What this task involves.
Keep to one stretch of the data below, the lines from the one with "(\<forall>f g a" up to and including the one with "(AE x in M. (\<integral>\<^sup>+y.", and return that stretch exactly.
====== Source information
lemma (in comm_group) inj_on_reflected_sheets:
  assumes H: "subgroup H G"
    and x: "x \<in> carrier G" "ord x = n" "\<And>i::nat. x [^] i \<in> H"
    and r: "\<And>t. t < c \<Longrightarrow> r t \<in> carrier G" "inj_on (\<lambda>t. H #> r t) {..<c}"
    and w: "w \<in> carrier G" "\<And>t s. t < c \<Longrightarrow> s < c \<Longrightarrow> H #> r t \<noteq> H #> (w \<otimes> inv (r s))"
  shows "inj_on (\<lambda>(t, i, b). if b then r t \<otimes> x [^] i else w \<otimes> inv (r t \<otimes> x [^] i))
           ({..<c} \<times> {..<n} \<times> UNIV)"
proof -
  let ?P = "\<lambda>t (i::nat). r t \<otimes> x [^] i"
  have P: "?P t i \<in> carrier G" if "t < c" for t i using r(1)[OF that] x(1) by simp
  have coset_P: "H #> ?P t i = H #> r t" if "t < c" for t i
    using r_coset_mult_mem[OF H r(1)[OF that] x(3)] .
  have coset_Q: "H #> (w \<otimes> inv (?P t i)) = H #> (w \<otimes> inv (r t))" if "t < c" for t i
    using r_coset_mult_mem[OF H _ subgroup.m_inv_closed[OF H x(3)], of "w \<otimes> inv (r t)" i]
      w(1) r(1)[OF that] x(1) by (simp add: inv_mult m_ac)
  have P_inj: "t = s \<and> i = k" if "t < c" "s < c" "i < n" "k < n" "?P t i = ?P s k" for t s i k
  proof -
    have "t = s" using coset_P that r(2) by (metis inj_onD lessThan_iff)
    then have "x [^] i = x [^] k" using that(5) r(1)[OF that(1)] x(1) by (metis l_cancel nat_pow_closed)
    then have "i = k" using ord_inj[OF x(1)] that(3,4) x(2) by (auto dest: inj_onD)
    with \<open>t = s\<close> show ?thesis ..
  qed
  have PQ_distinct: "?P t i \<noteq> w \<otimes> inv (?P s k)" if "t < c" "s < c" for t s i k
  proof
    assume "?P t i = w \<otimes> inv (?P s k)"
    then have "H #> r t = H #> (w \<otimes> inv (r s))" using coset_P coset_Q that by metis
    with w(2) that show False by blast
  qed
  have Q_inj: "?P t i = ?P s k" if "t < c" "s < c" "w \<otimes> inv (?P t i) = w \<otimes> inv (?P s k)" for t s i k
    using that w(1) P by (metis inv_closed inv_inv l_cancel)
  show ?thesis
  proof (rule inj_onI)
    fix u v
    assume uv: "u \<in> {..<c} \<times> {..<n} \<times> UNIV" "v \<in> {..<c} \<times> {..<n} \<times> UNIV"
      "(\<lambda>(t, i, b). if b then ?P t i else w \<otimes> inv (?P t i)) u =
       (\<lambda>(t, i, b). if b then ?P t i else w \<otimes> inv (?P t i)) v"
    obtain t i b s k b' where u: "u = (t, i, b)" and v: "v = (s, k, b')" by (metis prod_cases3)
    show "u = v"
      using uv P_inj[of t s i k] Q_inj[of t s i k] PQ_distinct[of t s i k] PQ_distinct[of s t k i]
      unfolding u v by (cases b; cases b') auto
  qed
qed

lemma (in comm_group) diagonal_MRS_2_if_ord:
  assumes fin: "finite (carrier G)" and n: "1 < n" and order: "order G = 2 * n * c"
    and x: "x \<in> carrier G" "ord x = n"
  shows "\<exists>A. diagonal_MRS G n 2 c A"
proof -
  define H where "H = generate G {x}"
  have H: "subgroup H G" unfolding H_def using generate_is_subgroup x(1) by simp
  have xH: "x [^] i \<in> H" for i :: nat
    unfolding H_def generate_pow[OF x(1)] by (metis (mono_tags) int_pow_int mem_Collect_eq UNIV_I)
  have "card (rcosets H) * n = 2 * c * n"
    using lagrange[OF H] generate_pow_card[OF x(1)] x(2) order by (simp add: H_def mult_ac)
  then have "card (rcosets H) = 2 * c" using n by simp
  then obtain w r where w: "w \<in> carrier G" and r: "\<And>t. t < c \<Longrightarrow> r t \<in> carrier G"
    "inj_on (\<lambda>t. H #> r t) {..<c}" "\<And>t s. t < c \<Longrightarrow> s < c \<Longrightarrow> H #> r t \<noteq> H #> (w \<otimes> inv (r s))"
    using ex_reflected_coset_representatives[OF fin H] by metis
  have bij: "bij_betw (\<lambda>(t, i, b). if b then r t \<otimes> x [^] i else w \<otimes> inv (r t \<otimes> x [^] i))
      ({..<c} \<times> {..<n} \<times> UNIV) (carrier G)"
    using inj_on_reflected_sheets[OF H x xH r(1,2) w r(3)] fin r(1) x(1) w order
    by (intro bij_betw_if_inj_on_card_eq) (auto simp: card_cartesian_product order_def)
  have rows: "r t \<otimes> x [^] i \<otimes> (w \<otimes> inv (r t \<otimes> x [^] i)) = w" if "t < c" "i < n" for t i
    using mult_mult_inv_cancel(1) r(1)[OF that(1)] x(1) w by simp
  have columns: "r t \<otimes> x [^] (Suc i mod n) \<otimes> (w \<otimes> inv (r t \<otimes> x [^] i)) = w \<otimes> x"
    if "t < c" "i < n" for t i
  proof -
    have "r t \<otimes> x [^] (Suc i mod n) = r t \<otimes> x [^] i \<otimes> x"
      using pow_mod_ord[OF x(1), of "Suc i"] x r(1)[OF that(1)] by (simp add: m_assoc)
    then show ?thesis using mult_mult_inv_cancel(2) r(1)[OF that(1)] x(1) w by simp
  qed
  show ?thesis
    using MRS_two_diagonal_array[OF n bij w rows m_closed[OF w x(1)] columns]
      two_diagonal_array_diagonals[OF n]
    unfolding diagonal_MRS_def by blast
qed

theorem theorem5p5:
  fixes G :: "('a, 'b) monoid_scheme" and n c :: nat
  assumes "n \<ge> 2" and "c \<ge> 1"
    and "comm_group G" and "finite (carrier G)"
    and "order G = 2 * n * c"
  shows "(\<exists>A. diagonal_MRS G n 2 c A) \<longleftrightarrow> (\<exists>x\<in>carrier G. group.ord G x = n)"
proof -
  interpret comm_group G by fact
  have "1 < n" "0 < c" using assms(1,2) by simp_all
  then show ?thesis
    using ex_ord_if_diagonal_MRS_2 diagonal_MRS_2_if_ord[OF assms(4) \<open>1 < n\<close> assms(5)] by blast
qed

end
(* Let $(X,\mu)$ be a $\sigma$-finite measure space, let $S:L^1(X)\to L^1(X)$ be a semi-doubly stochastic operator, and let $F$ be a finite dimensional subspace of $L^1(X)$. Then there exists a sequence $(I_n)_{n\ge1}$ of semi-doubly stochastic integral operators on $L^1(X)$ which converges to $S$ on $F$, i.e. $\|I_nf-Sf\|_1\to0$ for every $f\in F$.
   Context: A semi-doubly stochastic operator is a positive linear operator $T:L^1(X)\to L^1(X)$ with $\int_X Tf\,d\mu=\int_X f\,d\mu$ for all $f\in L^1(X)$ and $\int_X T^*\chi_E\,d\mu\le\mu(E)$ for every measurable $E$ with $\mu(E)<\infty$, where $T^*:L^\infty(X)\to L^\infty(X)$ is the Banach adjoint. A semi-doubly stochastic kernel is a measurable function $K:X\times X\to[0,\infty)$ with $\int_X K(x,y)\,d\mu(x)=1$ for almost all $y$ and $\int_X K(x,y)\,d\mu(y)\le1$ for almost all $x$. A semi-doubly stochastic integral operator is an operator of the form $(If)(x)=\int_X K(x,y)f(y)\,d\mu(y)$ with $K$ a semi-doubly stochastic kernel. *)

theory Defs
  imports "HOL-Analysis.Analysis"
begin

text \<open>Elements of L^1(X) are represented by integrable real functions; an operator on
L^1(X) is a map on functions which sends integrable functions to integrable ones
and respects almost-everywhere equality.\<close>

definition L1_operator :: "'a measure \<Rightarrow> (('a \<Rightarrow> real) \<Rightarrow> ('a \<Rightarrow> real)) \<Rightarrow> bool" where
  "L1_operator M T \<longleftrightarrow>
     (\<forall>f. integrable M f \<longrightarrow> integrable M (T f)) \<and>
     (\<forall>f g. integrable M f \<longrightarrow> integrable M g \<longrightarrow> (AE x in M. f x = g x) \<longrightarrow>
            (AE x in M. T f x = T g x))"

definition L1_linear :: "'a measure \<Rightarrow> (('a \<Rightarrow> real) \<Rightarrow> ('a \<Rightarrow> real)) \<Rightarrow> bool" where
  "L1_linear M T \<longleftrightarrow>
     (\<forall>f g a b. integrable M f \<longrightarrow> integrable M g \<longrightarrow>
        (AE x in M. T (\<lambda>y. a * f y + b * g y) x = a * T f x + b * T g x))"

definition L1_positive :: "'a measure \<Rightarrow> (('a \<Rightarrow> real) \<Rightarrow> ('a \<Rightarrow> real)) \<Rightarrow> bool" where
  "L1_positive M T \<longleftrightarrow>
     (\<forall>f. integrable M f \<longrightarrow> (AE x in M. 0 \<le> f x) \<longrightarrow> (AE x in M. 0 \<le> T f x))"

text \<open>g represents the Banach adjoint applied to h:
  \<open>T^* h = g\<close> in L^\<infinity>.\<close>
definition adjoint_value ::
  "'a measure \<Rightarrow> (('a \<Rightarrow> real) \<Rightarrow> ('a \<Rightarrow> real)) \<Rightarrow> ('a \<Rightarrow> real) \<Rightarrow> ('a \<Rightarrow> real) \<Rightarrow> bool" where
  "adjoint_value M T h g \<longleftrightarrow>
     g \<in> borel_measurable M \<and> (\<exists>C. AE x in M. \<bar>g x\<bar> \<le> C) \<and>
     (\<forall>f. integrable M f \<longrightarrow> (\<integral>x. T f x * h x \<partial>M) = (\<integral>x. f x * g x \<partial>M))"

definition semi_doubly_stochastic_op ::
  "'a measure \<Rightarrow> (('a \<Rightarrow> real) \<Rightarrow> ('a \<Rightarrow> real)) \<Rightarrow> bool" where
  "semi_doubly_stochastic_op M T \<longleftrightarrow>
     L1_operator M T \<and> L1_linear M T \<and> L1_positive M T \<and>
     (\<forall>f. integrable M f \<longrightarrow> (\<integral>x. T f x \<partial>M) = (\<integral>x. f x \<partial>M)) \<and>
     (\<forall>E \<in> sets M. emeasure M E < \<infinity> \<longrightarrow>
        (\<exists>g. adjoint_value M T (indicator E) g \<and>
             (\<integral>\<^sup>+x. ennreal (g x) \<partial>M) \<le> emeasure M E))"

definition semi_doubly_stochastic_kernel :: "'a measure \<Rightarrow> ('a \<Rightarrow> 'a \<Rightarrow> real) \<Rightarrow> bool" where
  "semi_doubly_stochastic_kernel M K \<longleftrightarrow>
     (\<lambda>(x, y). K x y) \<in> borel_measurable (M \<Otimes>\<^sub>M M) \<and>
     (\<forall>x y. 0 \<le> K x y) \<and>
     (AE y in M. (\<integral>\<^sup>+x. ennreal (K x y) \<partial>M) = 1) \<and>
     (AE x in M. (\<integral>\<^sup>+y. ennreal (K x y) \<partial>M) \<le> 1)"

definition integral_operator :: "'a measure \<Rightarrow> ('a \<Rightarrow> 'a \<Rightarrow> real) \<Rightarrow> ('a \<Rightarrow> real) \<Rightarrow> ('a \<Rightarrow> real)" where
  "integral_operator M K f = (\<lambda>x. \<integral>y. K x y * f y \<partial>M)"

definition finite_dim_L1_subspace :: "'a measure \<Rightarrow> ('a \<Rightarrow> real) set \<Rightarrow> bool" where
  "finite_dim_L1_subspace M F \<longleftrightarrow>
     (\<exists>(N::nat) fs. (\<forall>i<N. integrable M (fs i)) \<and>
        F = {(\<lambda>x. \<Sum>i<N. c i * fs i x) | c. True})"

end

theory Submission
  imports Defs
begin

text \<open>
  By sigma-finiteness, finitely many integrable simple functions are step functions on one
  countable partition of X into cells C_j of finite measure. The matrix
  a(l,j) = (integral over C_l of S(indicator C_j)) has column sums mu(C_j), because S preserves
  integrals, and row sums at most mu(C_l), by the adjoint condition. Hence
  K(x,y) = a(l,j) / (mu(C_l) mu(C_j)) for x in C_l, y in C_j is a semi-doubly stochastic kernel,
  and on step functions g its integral operator is E(S g), where E averages over the cells.
  Since S, E and I_K are L1-contractions,
  |I_K f - S f| <= |f - g| + |E(S g - u)| + |u - S g| + |S(g - f)| <= 4 delta
  in L1-norm, for step functions g, u with |f - g| <= delta and |S g - u| <= delta.
  Doing this for a basis of F and letting delta tend to 0 gives the kernels; linearity of
  S and of integral operators handles all of F.
\<close>

section \<open>L1 distance\<close>

definition L1_dist :: "'a measure \<Rightarrow> ('a \<Rightarrow> real) \<Rightarrow> ('a \<Rightarrow> real) \<Rightarrow> ennreal" where
  "L1_dist M f g = (\<integral>\<^sup>+x. ennreal \<bar>f x - g x\<bar> \<partial>M)"

lemma L1_dist_commute: "L1_dist M f g = L1_dist M g f"
  by (simp add: L1_dist_def abs_minus_commute)

lemma L1_dist_cong_AE:
  assumes "AE x in M. f x = f' x" and "AE x in M. g x = g' x"
  shows "L1_dist M f g = L1_dist M f' g'"
  unfolding L1_dist_def using assms by (intro nn_integral_cong_AE) auto

lemma L1_dist_triangle:
  assumes [measurable]: "f \<in> borel_measurable M" "g \<in> borel_measurable M" "h \<in> borel_measurable M"
  shows "L1_dist M f h \<le> L1_dist M f g + L1_dist M g h"
proof -
  have "L1_dist M f h \<le> (\<integral>\<^sup>+x. ennreal \<bar>f x - g x\<bar> + ennreal \<bar>g x - h x\<bar> \<partial>M)"
    unfolding L1_dist_def
    by (intro nn_integral_mono) (simp add: ennreal_plus[symmetric] del: ennreal_plus)
  also have "\<dots> = L1_dist M f g + L1_dist M g h"
    unfolding L1_dist_def by (intro nn_integral_add) auto
  finally show ?thesis .
qed
lemma expectation_exp_sum_le_1:
  assumes "valid_strategy n S"
    and "\<And>h. length h < n \<Longrightarrow> set h \<subseteq> {0,1,2} \<Longrightarrow>
           (\<Sum>x\<in>{0,1,2}. round_prob (S h) x * exp (f h x)) \<le> 1"
  shows "(\<Sum>xs\<in>outcomes n. seq_prob S xs * exp (\<Sum>i<n. f (take i xs) (xs ! i))) \<le> 1"
  using assms
proof (induction n)
  case 0
  have "outcomes 0 = {[]}" by (auto simp: outcomes_def)
  then show ?case by (simp add: seq_prob_def)
next
  case (Suc n)
  define E where "E xs = seq_prob S xs * exp (\<Sum>i<n. f (take i xs) (xs ! i))" for xs
  have valid: "valid_strategy n S"
    using Suc.prems(1) by (simp add: valid_strategy_def)
  have step: "seq_prob S (xs @ [x]) * exp (\<Sum>i<Suc n. f (take i (xs @ [x])) ((xs @ [x]) ! i))
      = E xs * (round_prob (S xs) x * exp (f xs x))" if "xs \<in> outcomes n" for xs x
    using that sum_take_snoc[of f xs x]
    by (simp add: outcomes_def E_def seq_prob_snoc exp_add)
  have "(\<Sum>xs\<in>outcomes (Suc n). seq_prob S xs * exp (\<Sum>i<Suc n. f (take i xs) (xs ! i)))
      = (\<Sum>xs\<in>outcomes n. E xs * (\<Sum>x\<in>{0,1,2}. round_prob (S xs) x * exp (f xs x)))"
    unfolding sum_outcomes_Suc sum_distrib_left by (intro sum.cong refl) (simp only: step)
  also have "\<dots> \<le> (\<Sum>xs\<in>outcomes n. E xs)"
  proof (rule sum_mono)
    fix xs assume xs: "xs \<in> outcomes n"
    have "(\<Sum>x\<in>{0,1,2}. round_prob (S xs) x * exp (f xs x)) \<le> 1"
      using Suc.prems(2) xs by (auto simp: outcomes_def)
    moreover have "0 \<le> E xs" using seq_prob_nonneg[OF valid xs] by (simp add: E_def)
    ultimately show "E xs * (\<Sum>x\<in>{0,1,2}. round_prob (S xs) x * exp (f xs x)) \<le> E xs"
      by (rule mult_left_le)
  qed
  also have "\<dots> \<le> 1"
    unfolding E_def using Suc.IH valid Suc.prems(2) by simp
  finally show ?case .
qed
(* In the setting of the previous statement, a necessary condition for the normal expansions of the fields $\phi^\alpha$ determined from the null data to be absolutely convergent in a neighbourhood of the origin $x=0$ is that there exist positive constants $M$, $r$ such that the null data satisfy $$|\mathcal C(D_{{\bf a}_p}\cdots D_{{\bf a}_1}\phi^\alpha)(q)|\le \frac{M\,p!}{r^p},\qquad p\ge0,\quad {\bf a}_p,\dots,{\bf a}_1=1,2,3,\quad \alpha=1,\dots,n.$$ In particular every real analytic solution of the field equations near $q$ has null data satisfying such estimates.
   Context: Field equations: on a 3-dimensional manifold $N$ with a negative definite metric $h$ (Levi-Civita connection $D$, Laplacian $\Delta_h$, Ricci tensor $R_{ab}[h]$) and $n$ scalar fields $\phi^\alpha$, $\alpha=1,\dots,n$: $$\Delta_h\phi^\alpha=f^\alpha(\phi^\gamma,D_c\phi^\gamma),\qquad R_{ab}[h]=F^\alpha(\phi^\gamma)D_aD_b\phi^\alpha+F^{\alpha\beta}(\phi^\gamma)D_a\phi^\alpha D_b\phi^\beta+f(\phi^\gamma,D_c\phi^\gamma)h_{ab},$$ with $F^\alpha,F^{\alpha\beta}=F^{\beta\alpha}$ real analytic in $\phi^\gamma$ and $f,f^\alpha$ real analytic scalar functions of $\phi^\gamma$ and $D_c\phi^\gamma$. $c_{\bf a}$ is an $h$-normal frame centred at $q$ (orthonormal, $h(c_{\bf a},c_{\bf b})=-\delta_{\bf ab}$, parallelly transported along geodesics through $q$), $x^a$ the associated normal coordinates. $\mathcal C$ denotes the symmetric trace-free part; the null data are $\mathcal C(D_{{\bf a}_p}\cdots D_{{\bf a}_1}\phi^\alpha)(q)$, $p\ge0$, and they determine (uniquely) the normal expansion coefficients $D_{{\bf a}_p}\cdots D_{{\bf a}_1}\phi^\alpha(q)$ of $\phi^\alpha(x)=\sum_p\frac1{p!}x^{b_p}\cdots x^{b_1}D_{{\bf b}_p}\cdots D_{{\bf b}_1}\phi^\alpha(q)$ via the field equations. *)

theory Defs
  imports "HOL-Analysis.Analysis" "HOL-Library.Multiset"
begin

text \<open>Rank-p covariant tensors on a 3-dimensional space, given by their components
  in an orthonormal frame: functions on index lists (indices of type 3) of length p.
  The list [a_p, ..., a_1] stands for the index string a_p ... a_1.\<close>

definition tensor_ip :: "nat \<Rightarrow> (3 list \<Rightarrow> real) \<Rightarrow> (3 list \<Rightarrow> real) \<Rightarrow> real" where
  "tensor_ip p A B = (\<Sum>bs\<in>{bs::3 list. length bs = p}. A bs * B bs)"

text \<open>Symmetric trace-free rank-p tensors (trace w.r.t. the frame metric, which is
  -delta; the sign is irrelevant for vanishing of traces).\<close>

definition symm_tf :: "nat \<Rightarrow> (3 list \<Rightarrow> real) \<Rightarrow> bool" where
  "symm_tf p S \<longleftrightarrow>
     (\<forall>bs. length bs \<noteq> p \<longrightarrow> S bs = 0) \<and>
     (\<forall>bs bs'. length bs = p \<longrightarrow> mset bs' = mset bs \<longrightarrow> S bs' = S bs) \<and>
     (\<forall>bs. length bs + 2 = p \<longrightarrow> (\<Sum>i\<in>UNIV. S (i # i # bs)) = 0)"

text \<open>The symmetric trace-free part C(T) of a rank-p tensor T: the orthogonal projection
  of T onto the space of symmetric trace-free rank-p tensors.\<close>

definition stf_part :: "nat \<Rightarrow> (3 list \<Rightarrow> real) \<Rightarrow> (3 list \<Rightarrow> real)" where
  "stf_part p T = (THE S. symm_tf p S \<and>
      (\<forall>U. symm_tf p U \<longrightarrow> tensor_ip p (\<lambda>bs. T bs - S bs) U = 0))"

end

theory Submission
  imports Defs
begin

text \<open>
  The symmetric trace-free part C(T) is the orthogonal projection of T onto
  the space of symmetric trace-free tensors with respect to the Euclidean inner product
  on frame components.  A projection does not increase the length, so every component of
  C(T) is bounded by the Euclidean length of T, hence by the l1-norm of its components.
  On the other hand, absolute convergence of the normal expansion at the diagonal point
  x = (t,t,t) says that the series of t^p/p! times the l1-norm of the p-th coefficient
  tensor converges; its terms are therefore bounded by some K, i.e. the l1-norm is at most
  K p!/t^p.  A common K for the finitely many fields gives the estimate with r = t.
\<close>

section \<open>Orthogonal projections onto spaces of finitely supported functions\<close>

definition sum_ip :: "'a set \<Rightarrow> ('a \<Rightarrow> real) \<Rightarrow> ('a \<Rightarrow> real) \<Rightarrow> real" where
  "sum_ip B f g = (\<Sum>x\<in>B. f x * g x)"

definition fun_subspace :: "('a \<Rightarrow> real) set \<Rightarrow> bool" where
  "fun_subspace V \<longleftrightarrow> (\<lambda>x. 0) \<in> V \<and> (\<forall>f\<in>V. \<forall>g\<in>V. (\<lambda>x. f x + g x) \<in> V)
     \<and> (\<forall>f\<in>V. \<forall>c. (\<lambda>x. c * f x) \<in> V)"

lemma sum_ip_comm: "sum_ip B f g = sum_ip B g f"
  unfolding sum_ip_def by (simp add: mult.commute)

lemma sum_ip_diff_left: "sum_ip B (\<lambda>x. f x - g x) h = sum_ip B f h - sum_ip B g h"
  unfolding sum_ip_def by (simp add: algebra_simps sum_subtractf)

lemma sum_ip_add_left: "sum_ip B (\<lambda>x. f x + g x) h = sum_ip B f h + sum_ip B g h"
  unfolding sum_ip_def by (simp add: algebra_simps sum.distrib)

lemma sum_ip_scale_left: "sum_ip B (\<lambda>x. c * f x) h = c * sum_ip B f h"
  unfolding sum_ip_def by (simp add: algebra_simps sum_distrib_left)

lemma sum_ip_diff_right: "sum_ip B h (\<lambda>x. f x - g x) = sum_ip B h f - sum_ip B h g"
  using sum_ip_diff_left sum_ip_comm by metis

lemma sum_ip_add_right: "sum_ip B h (\<lambda>x. f x + g x) = sum_ip B h f + sum_ip B h g"
  using sum_ip_add_left sum_ip_comm by metis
============
Output for this task.
     (\<forall>f g a b. integrable M f \<longrightarrow> integrable M g \<longrightarrow>
        (AE x in M. T (\<lambda>y. a * f y + b * g y) x = a * T f x + b * T g x))"

definition L1_positive :: "'a measure \<Rightarrow> (('a \<Rightarrow> real) \<Rightarrow> ('a \<Rightarrow> real)) \<Rightarrow> bool" where
  "L1_positive M T \<longleftrightarrow>
     (\<forall>f. integrable M f \<longrightarrow> (AE x in M. 0 \<le> f x) \<longrightarrow> (AE x in M. 0 \<le> T f x))"

text \<open>g represents the Banach adjoint applied to h:
  \<open>T^* h = g\<close> in L^\<infinity>.\<close>
definition adjoint_value ::
  "'a measure \<Rightarrow> (('a \<Rightarrow> real) \<Rightarrow> ('a \<Rightarrow> real)) \<Rightarrow> ('a \<Rightarrow> real) \<Rightarrow> ('a \<Rightarrow> real) \<Rightarrow> bool" where
  "adjoint_value M T h g \<longleftrightarrow>
     g \<in> borel_measurable M \<and> (\<exists>C. AE x in M. \<bar>g x\<bar> \<le> C) \<and>
     (\<forall>f. integrable M f \<longrightarrow> (\<integral>x. T f x * h x \<partial>M) = (\<integral>x. f x * g x \<partial>M))"

definition semi_doubly_stochastic_op ::
  "'a measure \<Rightarrow> (('a \<Rightarrow> real) \<Rightarrow> ('a \<Rightarrow> real)) \<Rightarrow> bool" where
  "semi_doubly_stochastic_op M T \<longleftrightarrow>
     L1_operator M T \<and> L1_linear M T \<and> L1_positive M T \<and>
     (\<forall>f. integrable M f \<longrightarrow> (\<integral>x. T f x \<partial>M) = (\<integral>x. f x \<partial>M)) \<and>
     (\<forall>E \<in> sets M. emeasure M E < \<infinity> \<longrightarrow>
        (\<exists>g. adjoint_value M T (indicator E) g \<and>
             (\<integral>\<^sup>+x. ennreal (g x) \<partial>M) \<le> emeasure M E))"

definition semi_doubly_stochastic_kernel :: "'a measure \<Rightarrow> ('a \<Rightarrow> 'a \<Rightarrow> real) \<Rightarrow> bool" where
  "semi_doubly_stochastic_kernel M K \<longleftrightarrow>
     (\<lambda>(x, y). K x y) \<in> borel_measurable (M \<Otimes>\<^sub>M M) \<and>
     (\<forall>x y. 0 \<le> K x y) \<and>
     (AE y in M. (\<integral>\<^sup>+x. ennreal (K x y) \<partial>M) = 1) \<and>
     (AE x in M. (\<integral>\<^sup>+y. ennreal (K x y) \<partial>M) \<le> 1)"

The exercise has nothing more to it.